Data governance should focus on making data easy to find and determining the appropriate level of auditing your outputs require. In the right hands, unaudited data can be helpful. The most timely information is typically unaudited because it may pertain to ad hoc or emergent circumstances.
Provide easy-to-see data status (audited or unaudited) as part of your design best practices for dashboards. Define table and field naming conventions that make your data warehouse more accessible. Clearly define responsibility for using unaudited sources. File names and field labels should be in understandable language. Use descriptions that new employees can understand.
Devise policies that are conscious of the need for accuracy but also have an awareness of urgent user needs, the limited time-value of some data, and the urgency of needs. Allow for the following categories of output:
Reporting provides information releases, in standardized formats, on a predictable cadence (daily, weekly, monthly, quarterly or annually). The two general types of reporting are mission-critical and ad hoc.
- Mission-critical reports are consumed by many people in your organization. Or they are consumed by people outside of your organization. Mission-critical reports must be vetted and audited or required by law.
- Ad hoc reports are used for limited durations by fewer people. These reports focus on a specific issue or opportunity with time-sensitive value for a few users. However, for those few, it may be critical information that may facilitate better decisions.
People using unaudited, ad hoc reports should understand the potential pitfalls they might contain.

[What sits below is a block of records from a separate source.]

(* In the setting below, the Markov chain on $(r_{\mathrm{hc}},\infty)^k$ with transition kernel \[P_{\beta,p}(\mathbf z,A)=\frac{1}{\lambda_0(\beta,p)\varphi_{0;\beta,p}(\mathbf z)}\int_AK_{\beta,p}(\mathbf z,\mathbf z')\varphi_{0;\beta,p}(\mathbf z')\mathrm d\mathbf z'\] is geometrically ergodic: with $\pi$ the probability measure with density proportional to $\varphi_{0;\beta,p}(\mathsf s(\mathbf z))\varphi_{0;\beta,p}(\mathbf z)$ (which is invariant for $P_{\beta,p}$), there exist $q\in(0,1)$ and finite constants $C(\mathbf z)$ such that $\|P^n_{\beta,p}(\mathbf z,\cdot)-\pi\|_{\mathsf{TV}}\le C(\mathbf z)q^n$ for all $\mathbf z\in(r_{\mathrm{hc}},\infty)^k$ and $n\in\mathbb{N}$.
   Context: $v:\mathbb{R}_+\to\mathbb{R}\cup\{\infty\}$ measurable with hard core $r_{\mathrm{hc}}>0$ ($v\equiv\infty$ on $[0,r_{\mathrm{hc}}]$), finite range $R$ ($v\equiv0$ on $[R,\infty)$), finite and bounded from below on $[r_{\mathrm{hc}},R]$; $m\ge2$ an integer with $R<(m+1)r_{\mathrm{hc}}$, $k=m-1$; $\beta,p>0$. For $\mathbf z,\mathbf z'\in(r_{\mathrm{hc}},\infty)^k$: $V_p(\mathbf z)=\sum_{1\le i<j\le k+1}v(z_i+\dots+z_{j-1})+p\sum_iz_i$, $W(\mathbf z;\mathbf z')=\sum_{i=1}^k\sum_{j=1}^kv(z_i+\dots+z_k+z'_1+\dots+z'_j)$, $K_{\beta,p}(\mathbf z,\mathbf z')=\exp(-\beta(\frac12V_p(\mathbf z)+W(\mathbf z;\mathbf z')+\frac12V_p(\mathbf z')))$, and $\mathcal K_{\beta,p}$ the integral operator with kernel $K_{\beta,p}$ on $L^2((r_{\mathrm{hc}},\infty)^k)$. $\lambda_0(\beta,p)>0$ is its dominant (simple) eigenvalue and $\varphi_{0;\beta,p}$ a corresponding strictly positive normalised eigenfunction (given by the Krein–Rutman theorem). $\mathsf s(z_1,\dots,z_k)=(z_k,\dots,z_1)$. *)

theory Defs
  imports "HOL-Probability.Probability"
begin

text \<open>Points of (r_hc,oo)^k are represented as extensional functions nat => real on
  the index set {..<k} (0-based: z 0, ..., z (k-1) correspond to z_1, ..., z_k).\<close>

definition Lmeas :: "nat \<Rightarrow> (nat \<Rightarrow> real) measure" where
  "Lmeas k = PiM {..<k} (\<lambda>_. lborel)"

definition hcdom :: "nat \<Rightarrow> real \<Rightarrow> (nat \<Rightarrow> real) set" where
  "hcdom k rhc = {z. z \<in> space (Lmeas k) \<and> (\<forall>i<k. rhc < z i)}"

definition srev :: "nat \<Rightarrow> (nat \<Rightarrow> real) \<Rightarrow> (nat \<Rightarrow> real)" where
  "srev k z = (\<lambda>i. if i < k then z (k - 1 - i) else undefined)"

text \<open>V_p(z) = sum_{1<=i<j<=k+1} v(z_i+...+z_{j-1}) + p sum_i z_i (0-based indices).\<close>
definition Vp :: "(real \<Rightarrow> ereal) \<Rightarrow> real \<Rightarrow> nat \<Rightarrow> (nat \<Rightarrow> real) \<Rightarrow> ereal" where
  "Vp v p k z = (\<Sum>i\<in>{0..k}. \<Sum>j\<in>{i<..k}. v (\<Sum>l\<in>{i..<j}. z l)) + ereal (p * (\<Sum>i<k. z i))"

Timeliness takes precedence over airtight accuracy. The responsibility for appropriate use falls on the information consumer.
Everyone understands that mission-critical reports must be audited and approved before releasing them for distribution, but set time limit targets for this process. Measure actual performance, and share the results objectively with everyone using the reports. If there are consistent lags, deal with the causes and communicate what is being done to remedy delays.
Interactive dashboard reports should contain more detailed data views than those exposed initially. Dashboard interactions must allow end users to filter, select, highlight outliers and explain potential causes. This interaction is the primary value provided by dashboard software.
The analysis begins when a user looks at the dashboard (report) and seeks to understand trends and outliers. Why is the number bigger or smaller than expected? Why did this happen? The information consumer must be able to interrogate the data without writing code. This way, interactive dashboards enable more profound insight into why, how, who, what and when.
Suppose the data source used for the dashboard is not vetted and approved. The author of the dashboard must disclose how the data was assembled and the data sources used. Best practices for dashboard design dictate full disclosure of the data sources and contact information for the work’s author.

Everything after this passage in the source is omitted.